The lawsuit, filed by Brent Coon and Associates, alleges that an officer of the department and another uniformed officer broke into a Harris County home, destroyed its surveillance system, searched the home with no one there, went through their mail and left the home with the door open before the homeowners arrived back at their residence.
Robin Custer's husband arrived at their property in Highlands, Texas, at 2:30 p.m. March 5, 2015, to find that their home had been invaded and their security cameras disabled, the lawsuit alleges. Robin Custer quickly left work and joined her husband at their home.
She told KPRC 2, "I was mad. I was angry. Very soon after that, I was petrified. When the good guys are the bad guys who do you call? I called my mom. At that time, that was the only person that I trusted."
The lawsuit says that the Custers' security-camera footage had been saved to a DVR, and that their neighbor had recorded security-camera footage that also captured the alleged incident.
The videos show an HPD patrol unit pull into the family's driveway, with two officers getting out of the car and surveying the Custers' home, according to the lawsuit. One of the officers was seen in an HPD uniform, while the second officer wore a tactical vest marked "POLICE."
The lawsuit alleges that one officer used his police flashlight to force open the couple's front door and then began walking around the house, disabling each of the Custers' security cameras.
Both officers were in the home for several minutes, then exited the property, removed the couple's mail and then left, the lawsuit said.

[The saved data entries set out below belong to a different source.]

lemma drr_avg_step_bound:
  fixes f :: "nat \<Rightarrow> nat \<Rightarrow> 'a::real_inner \<Rightarrow> real" and G :: "nat \<Rightarrow> nat \<Rightarrow> 'a \<Rightarrow> 'a"
  assumes n: "n \<ge> 1" and sig: "sig \<in> perm_space n m t" and l: "l < m"
    and grad: "\<And>i l x. i < n \<Longrightarrow> l < m \<Longrightarrow> (f i l has_derivative (\<lambda>h. inner (G i l x) h)) (at x)"
    and strong: "\<And>i l. i < n \<Longrightarrow> l < m \<Longrightarrow> strongly_convex \<mu> (f i l)"
    and lips: "\<And>i l x y. i < n \<Longrightarrow> l < m \<Longrightarrow> norm (G i l x - G i l y) \<le> L * norm (x - y)"
    and w_sym: "\<And>i j. i < n \<Longrightarrow> j < n \<Longrightarrow> w i j = w j i"
    and w_stoch: "\<And>i. i < n \<Longrightarrow> (\<Sum>j<n. w i j) = 1"
    and \<mu>: "0 < \<mu>" "\<mu> \<le> L" and \<alpha>: "0 < \<alpha> t" "\<alpha> t \<le> 1 / (2 * L)"
  shows "(norm (avg n (drr_x n m w G \<alpha> x0 sig t (Suc l)) - xstar_seq n G (\<alpha> t) xs (sig t) (Suc l)))\<^sup>2
    \<le> (1 - \<alpha> t * \<mu> / 2) * (norm (avg n (drr_x n m w G \<alpha> x0 sig t l) - xstar_seq n G (\<alpha> t) xs (sig t) l))\<^sup>2
      + 2 * \<alpha> t * breg n f G (\<alpha> t) xs (sig t) l
      + 2 * \<alpha> t * L\<^sup>2 / real n * (1 / \<mu> + \<alpha> t) *
          (\<Sum>i<n. (norm (drr_x n m w G \<alpha> x0 sig t l i - avg n (drr_x n m w G \<alpha> x0 sig t l)))\<^sup>2)"
proof -
  define X where "X = drr_inner n w G (\<alpha> t) (sig t) (drr_outer n m w G \<alpha> x0 sig t) l"
  have x_l: "drr_x n m w G \<alpha> x0 sig t l = X"
    by (intro ext) (simp add: drr_x_def X_def)
  have "drr_x n m w G \<alpha> x0 sig t (Suc l)
          = drr_inner n w G (\<alpha> t) (sig t) (drr_outer n m w G \<alpha> x0 sig t) (Suc l)"
    by (intro ext) (simp only: drr_x_def)
  then have x_Suc: "avg n (drr_x n m w G \<alpha> x0 sig t (Suc l))
                     = avg n X - \<alpha> t *\<^sub>R avg n (\<lambda>i. G i (sig t i l) (X i))"
    unfolding X_def by (simp only: avg_drr_inner_Suc[OF w_sym w_stoch])
  show ?thesis
    unfolding x_l x_Suc xstar_seq_Suc breg_eq_avg_bregman
    using averaged_gradient_step_bound[where F = "\<lambda>i. f i (sig t i l)" and g = "\<lambda>i. G i (sig t i l)"
        and a = "\<alpha> t" and z = "xstar_seq n G (\<alpha> t) xs (sig t) l" and x = X]
      n grad strong lips \<mu> \<alpha> perm_space_less[OF sig _ l]
    by simp
qed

The front door was allegedly left open by the officers.
The lawsuit said that Robin Custer arrived home from work shortly thereafter and the same HPD patrol unit was seen driving by the house with knowledge that the Custers were then at home. The officers allegedly never went back to speak to the Custers.
"I am astonished by two things: First, that the very people who we as a community trust to protect us would ever engage in this type of illegal activity, and second, that their superiors did not seem to think it was a big deal when brought to their attention by the homeowners," Brent Coon, attorney in charge of the matter, was quoted as saying. "This was a home invasion."

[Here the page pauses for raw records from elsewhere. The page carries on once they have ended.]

(* Let $\mathcal P_X$ and $\mathcal P_Y$ be probability measures on a common measurable space $(E,\mathcal E)$ with $\mathcal P_Y\ll\mathcal P_X$, and let $L=d\mathcal P_Y/d\mathcal P_X$ be the Radon–Nikodym derivative. Assume that $L(\mathbf Z)$ has a continuous distribution when $\mathbf Z\sim\mathcal P_X$. Let $\mathbf Z_X\sim\mathcal P_X$ and $\mathbf Z_Y\sim\mathcal P_Y$ be independent. Then $$\tfrac12\, d_{tv}(\mathcal P_X,\mathcal P_Y)\;\le\;\mathbb P\big(L(\mathbf Z_X)<L(\mathbf Z_Y)\big)-\tfrac12\;\le\; d_{tv}(\mathcal P_X,\mathcal P_Y).$$
   Context: $d_{tv}(\mathcal P_X,\mathcal P_Y)=\sup_{A\in\mathcal E}|\mathcal P_Y(A)-\mathcal P_X(A)|$ denotes the total variation distance. *)

theory Defs
  imports "HOL-Probability.Probability"
begin

definition tv_dist :: "'a measure \<Rightarrow> 'a measure \<Rightarrow> real" where
  "tv_dist PX PY = (SUP A \<in> sets PX. \<bar>measure PY A - measure PX A\<bar>)"

end

theory Submission
  imports Defs
begin

text \<open>
  With \<open>l = dP\<^sub>Y/dP\<^sub>X\<close>, Scheffe's identity gives \<open>d\<^sub>t\<^sub>v = \<integral>(l - 1)\<^sup>+ dP\<^sub>X\<close>.
  For independent \<open>X, X' \<sim> P\<^sub>X\<close> the probability in question is \<open>p = E[1{l X < l X'} l X']\<close>;
  swapping \<open>X\<close> and \<open>X'\<close> turns \<open>1 - p\<close> (ties being null) into \<open>E[1{l X < l X'} l X]\<close>, so
  \<open>p - 1/2 = G/2\<close> with \<open>G = E[(l X' - l X)\<^sup>+]\<close>. Restricting \<open>G\<close> to \<open>l X' > 1\<close> and integrating out
  \<open>X\<close> gives \<open>d\<^sub>t\<^sub>v \<le> G\<close>, and \<open>(b - a)\<^sup>+ \<le> (b - 1)\<^sup>+ + (1 - a)\<^sup>+\<close> gives \<open>G \<le> 2 d\<^sub>t\<^sub>v\<close>.
\<close>

lemma measure_density_eq_integral:
  fixes g :: "'a \<Rightarrow> real"
  assumes "integrable M g" and "\<And>x. 0 \<le> g x" and "A \<in> sets M"
  shows "measure (density M g) A = (\<integral>x. g x * indicator A x \<partial>M)"
proof -
  have "emeasure (density M g) A = (\<integral>\<^sup>+x. ennreal (g x * indicator A x) \<partial>M)"
    using assms by (auto simp: emeasure_density intro!: nn_integral_cong split: split_indicator)
  also have "\<dots> = ennreal (\<integral>x. g x * indicator A x \<partial>M)"
    using assms by (intro nn_integral_eq_integral integrable_real_mult_indicator) auto
  finally show ?thesis
    using assms by (simp add: measure_def integral_nonneg)
qed

lemma (in pair_sigma_finite)
  fixes g :: "'a \<Rightarrow> real" and h :: "'b \<Rightarrow> real"
  assumes g: "integrable M1 g" and h: "integrable M2 h"
  shows integrable_product_mult: "integrable (M1 \<Otimes>\<^sub>M M2) (\<lambda>z. g (fst z) * h (snd z))"
    and integral_product_mult:
      "(\<integral>z. g (fst z) * h (snd z) \<partial>(M1 \<Otimes>\<^sub>M M2)) = integral\<^sup>L M1 g * integral\<^sup>L M2 h"
proof -
  have int: "integrable (M1 \<Otimes>\<^sub>M M2) (\<lambda>(x, y). g x * h y)"
  proof (rule Fubini_integrable)
    have "(\<lambda>x. \<integral>y. norm (g x * h y) \<partial>M2) = (\<lambda>x. \<bar>g x\<bar> * (\<integral>y. \<bar>h y\<bar> \<partial>M2))"
      by (simp add: abs_mult)
    then show "integrable M1 (\<lambda>x. \<integral>y. norm (case (x, y) of (x, y) \<Rightarrow> g x * h y) \<partial>M2)"
      using g by simp
  qed (use g h in auto)
  then show "integrable (M1 \<Otimes>\<^sub>M M2) (\<lambda>z. g (fst z) * h (snd z))"
    by (simp add: split_beta')
  have "integral\<^sup>L (M1 \<Otimes>\<^sub>M M2) (\<lambda>(x, y). g x * h y) = (\<integral>x. (\<integral>y. g x * h y \<partial>M2) \<partial>M1)"
    using integral_fst[OF int] by simp
  then show "(\<integral>z. g (fst z) * h (snd z) \<partial>(M1 \<Otimes>\<^sub>M M2)) = integral\<^sup>L M1 g * integral\<^sup>L M2 h"
    by (simp add: split_beta')
qed

context pair_prob_space
begin

lemma
  fixes g :: "'a \<Rightarrow> real"
  assumes "integrable M1 g"
  shows integrable_fst_comp: "integrable (M1 \<Otimes>\<^sub>M M2) (\<lambda>z. g (fst z))"
    and integral_fst_comp: "(\<integral>z. g (fst z) \<partial>(M1 \<Otimes>\<^sub>M M2)) = integral\<^sup>L M1 g"
  using integrable_product_mult[OF assms, of "\<lambda>_. 1"] integral_product_mult[OF assms, of "\<lambda>_. 1"]
  by (simp_all add: M2.prob_space)

lemma
  fixes h :: "'b \<Rightarrow> real"
  assumes "integrable M2 h"
  shows integrable_snd_comp: "integrable (M1 \<Otimes>\<^sub>M M2) (\<lambda>z. h (snd z))"
    and integral_snd_comp: "(\<integral>z. h (snd z) \<partial>(M1 \<Otimes>\<^sub>M M2)) = integral\<^sup>L M2 h"
  using integrable_product_mult[OF _ assms, of "\<lambda>_. 1"] integral_product_mult[OF _ assms, of "\<lambda>_. 1"]
  by (simp_all add: M1.prob_space)

end

locale prob_density = prob_space M for M :: "'a measure" +
  fixes f :: "'a \<Rightarrow> real"
  assumes f_nonneg: "\<And>x. 0 \<le> f x"
    and f_integrable: "integrable M f"
    and f_integral: "integral\<^sup>L M f = 1"
begin

lemma f_measurable[measurable]: "f \<in> borel_measurable M"
  using f_integrable by simp

sublocale MM: pair_prob_space M M
  by unfold_locales

lemma integrable_excess: "integrable M (\<lambda>x. max 0 (f x - 1))"
  by (rule Bochner_Integration.integrable_bound[of _ "\<lambda>x. f x + 1"])
    (use f_integrable f_nonneg in auto)

lemma integrable_deficit: "integrable M (\<lambda>x. max 0 (1 - f x))"
  by (rule Bochner_Integration.integrable_bound[of _ "\<lambda>x. f x + 1"])
    (use f_integrable f_nonneg in auto)

lemma integral_deficit_eq_excess: "(\<integral>x. max 0 (1 - f x) \<partial>M) = (\<integral>x. max 0 (f x - 1) \<partial>M)"
proof -
  have "(\<integral>x. max 0 (1 - f x) \<partial>M) = (\<integral>x. max 0 (f x - 1) - f x + 1 \<partial>M)"
    by (rule Bochner_Integration.integral_cong) auto
  then show ?thesis
    using integrable_excess f_integrable f_integral by (simp add: prob_space)
qed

The lawsuit says that the plaintiff is suing for negligence, and gross negligence as the officers committed various acts of negligence and caused physical and emotional injuries and damages to the Custers' personal property.

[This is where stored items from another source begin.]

lemma cone_reducible_normal_inner_le:
  fixes D :: "'a::euclidean_space set"
  assumes "0 < \<alpha>" "convex D" "xh \<in> D"
    and "C1alpha_cone_reducible_at \<alpha> D xh TYPE('b::euclidean_space)"
  obtains R C where "0 < R" "0 \<le> C"
    "\<And>x v u. x \<in> cball xh R \<Longrightarrow> v \<in> normal_cone D x \<Longrightarrow> u \<in> D \<Longrightarrow>
       inner v (u - xh) \<le> C * norm (x - xh) powr \<alpha> * norm v * norm (u - xh)"
proof -
  obtain \<rho> K and Xi :: "'a \<Rightarrow> 'b" and g A B L where
    "0 < \<rho>" and K: "convex K" "cone K" and "Xi xh = 0"
    and red: "D \<inter> cball xh \<rho> = {x. Xi x \<in> K} \<inter> cball xh \<rho>"
    and g: "linear g" "\<And>e. A (g e) = e" "0 < B" "\<And>e. norm (g e) \<le> B * norm e"
    and "0 \<le> L" and err: "\<And>s a b. s \<le> \<rho> \<Longrightarrow> a \<in> cball xh s \<Longrightarrow> b \<in> cball xh s \<Longrightarrow>
       norm (Xi b - Xi a - A (b - a)) \<le> L * s powr \<alpha> * norm (b - a)"
    using C1alpha_cone_reducible_atE[OF assms(1,4)] by blast
  obtain s where s: "0 < s" "s \<le> \<rho>" "4 * B * L * s powr \<alpha> \<le> 1"
    using exists_small_radius_powr[of \<alpha> "4 * B * L" 1 \<rho>] assms(1) \<open>0 < \<rho>\<close> \<open>0 < B\<close> \<open>0 \<le> L\<close>
    by auto
  show ?thesis
  proof (rule that[of "s / 3" "4 * B * L * 3 powr \<alpha>"])
    show "0 < s / 3" "0 \<le> 4 * B * L * 3 powr \<alpha>"
      using s(1) \<open>0 < B\<close> \<open>0 \<le> L\<close> by simp_all
    fix x v u assume x: "x \<in> cball xh (s / 3)" and v: "v \<in> normal_cone D x" and "u \<in> D"
    define r where "r = norm (x - xh)"
    show "inner v (u - xh) \<le> 4 * B * L * 3 powr \<alpha> * r powr \<alpha> * norm v * norm (u - xh)"
    proof (cases "r = 0")
      case True
      with v \<open>u \<in> D\<close> show ?thesis by (simp add: r_def mem_normal_cone)
    next
      case False
      have "0 \<le> r" by (simp add: r_def)
      define H where "H = L * (3 * r) powr \<alpha>"
      have "3 * r \<le> s"
        using x by (simp add: r_def dist_norm norm_minus_commute)
      have red_r: "D \<inter> cball xh (3 * r) = {x. Xi x \<in> K} \<inter> cball xh (3 * r)"
        using red subset_cball[OF order_trans[OF \<open>3 * r \<le> s\<close> s(2)]] by blast
      have err_r: "norm (Xi b - Xi a - A (b - a)) \<le> H * norm (b - a)"
        if "a \<in> cball xh (3 * r)" "b \<in> cball xh (3 * r)" for a b
        using err[OF order_trans[OF \<open>3 * r \<le> s\<close> s(2)] that] by (simp add: H_def)
      have "4 * B * H \<le> 4 * B * L * s powr \<alpha>"
        using \<open>3 * r \<le> s\<close> \<open>0 < B\<close> \<open>0 \<le> L\<close> assms(1)
        by (simp add: H_def mult.assoc r_def mult_left_mono powr_mono2)
      with s(3) have "4 * B * H \<le> 1" by linarith
      from inner_normal_le_linearization_error[OF K red_r \<open>Xi xh = 0\<close> g err_r this _ v]
      have "inner v p \<le> (4 * B * H * norm v) * norm p" if "xh + p \<in> D" "norm p \<le> r" for p
        using that by (simp add: r_def)
      with \<open>0 \<le> r\<close> False \<open>u \<in> D\<close>
      have "inner v (u - xh) \<le> (4 * B * H * norm v) * norm (u - xh)"
        by (intro convex_inner_le_norm_if_local[OF assms(2,3), of r]) simp_all
      then show ?thesis
        using \<open>0 \<le> r\<close> by (simp add: H_def powr_mult mult_ac)
    qed
  qed
qed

The dollar figure was not specified in the lawsuit. Robin Custer was still emotional after two years. She said she wanted an apology. She added, "Had I entered their home, I would have had to have to be accountable. I think they should as well."
"The officers didn't belong there. They didn't have a search warrant," Coon said. "The homeowners had done nothing wrong or illegal."
A spokesperson for the Houston mayor’s office said that the City of Houston would not comment about the case because of the pending lawsuit.